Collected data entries
theorem lemma4:
  defines "v \<equiv> - (1/32) * (16 + sqrt 229) * log 2 ((1/32) * (16 + sqrt 229))
                - (1/32) * (16 - sqrt 229) * log 2 ((1/32) * (16 - sqrt 229))"
  shows "discord3 [1, 2] [0] rho4 = discord3 [0, 2] [1] rho4
       \<and> discord3 [0, 2] [1] rho4 = discord3 [0, 1] [2] rho4
       \<and> discord3 [0, 1] [2] rho4 = discord3 [2] [0, 1] rho4
       \<and> discord3 [2] [0, 1] rho4 = discord3 [1] [0, 2] rho4
       \<and> discord3 [1] [0, 2] rho4 = discord3 [0] [1, 2] rho4
       \<and> discord3 [0] [1, 2] rho4 = v
       \<and> discord3 [1, 2] [0] rho4 = vn_entropy rho_A4
       \<and> discord3 [2] [0, 1] rho4 = vn_entropy rho_A4B4"
proof -
  have "v = - lam_plus * log 2 lam_plus - lam_minus * log 2 lam_minus"
    unfolding v_def lam_plus_def lam_minus_def by simp
  then have "vn_entropy rho_A4 = v" "vn_entropy rho_A4B4 = v"
    using vn_entropy_rho_A4 vn_entropy_rho_A4B4 by simp_all
  moreover have
    "discord3 [1, 2] [0] rho4 = vn_entropy rho_A4" "discord3 [0, 2] [1] rho4 = vn_entropy rho_A4"
    "discord3 [0, 1] [2] rho4 = vn_entropy rho_A4" "discord3 [2] [0, 1] rho4 = vn_entropy rho_A4B4"
    "discord3 [1] [0, 2] rho4 = vn_entropy rho_A4B4" "discord3 [0] [1, 2] rho4 = vn_entropy rho_A4B4"
    by (auto intro!: discord3_rho4_one_qubit discord3_rho4_two_qubits)
  ultimately show ?thesis by simp
qed

end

• [Task directions]:
Return every entry above with nothing altered.

• [Output of the task]:
theorem lemma4:
  defines "v \<equiv> - (1/32) * (16 + sqrt 229) * log 2 ((1/32) * (16 + sqrt 229))
                - (1/32) * (16 - sqrt 229) * log 2 ((1/32) * (16 - sqrt 229))"
  shows "discord3 [1, 2] [0] rho4 = discord3 [0, 2] [1] rho4
       \<and> discord3 [0, 2] [1] rho4 = discord3 [0, 1] [2] rho4
       \<and> discord3 [0, 1] [2] rho4 = discord3 [2] [0, 1] rho4
       \<and> discord3 [2] [0, 1] rho4 = discord3 [1] [0, 2] rho4
       \<and> discord3 [1] [0, 2] rho4 = discord3 [0] [1, 2] rho4
       \<and> discord3 [0] [1, 2] rho4 = v
       \<and> discord3 [1, 2] [0] rho4 = vn_entropy rho_A4
       \<and> discord3 [2] [0, 1] rho4 = vn_entropy rho_A4B4"
proof -
  have "v = - lam_plus * log 2 lam_plus - lam_minus * log 2 lam_minus"
    unfolding v_def lam_plus_def lam_minus_def by simp
  then have "vn_entropy rho_A4 = v" "vn_entropy rho_A4B4 = v"
    using vn_entropy_rho_A4 vn_entropy_rho_A4B4 by simp_all
  moreover have
    "discord3 [1, 2] [0] rho4 = vn_entropy rho_A4" "discord3 [0, 2] [1] rho4 = vn_entropy rho_A4"
    "discord3 [0, 1] [2] rho4 = vn_entropy rho_A4" "discord3 [2] [0, 1] rho4 = vn_entropy rho_A4B4"
    "discord3 [1] [0, 2] rho4 = vn_entropy rho_A4B4" "discord3 [0] [1, 2] rho4 = vn_entropy rho_A4B4"
    by (auto intro!: discord3_rho4_one_qubit discord3_rho4_two_qubits)
  ultimately show ?thesis by simp
qed

end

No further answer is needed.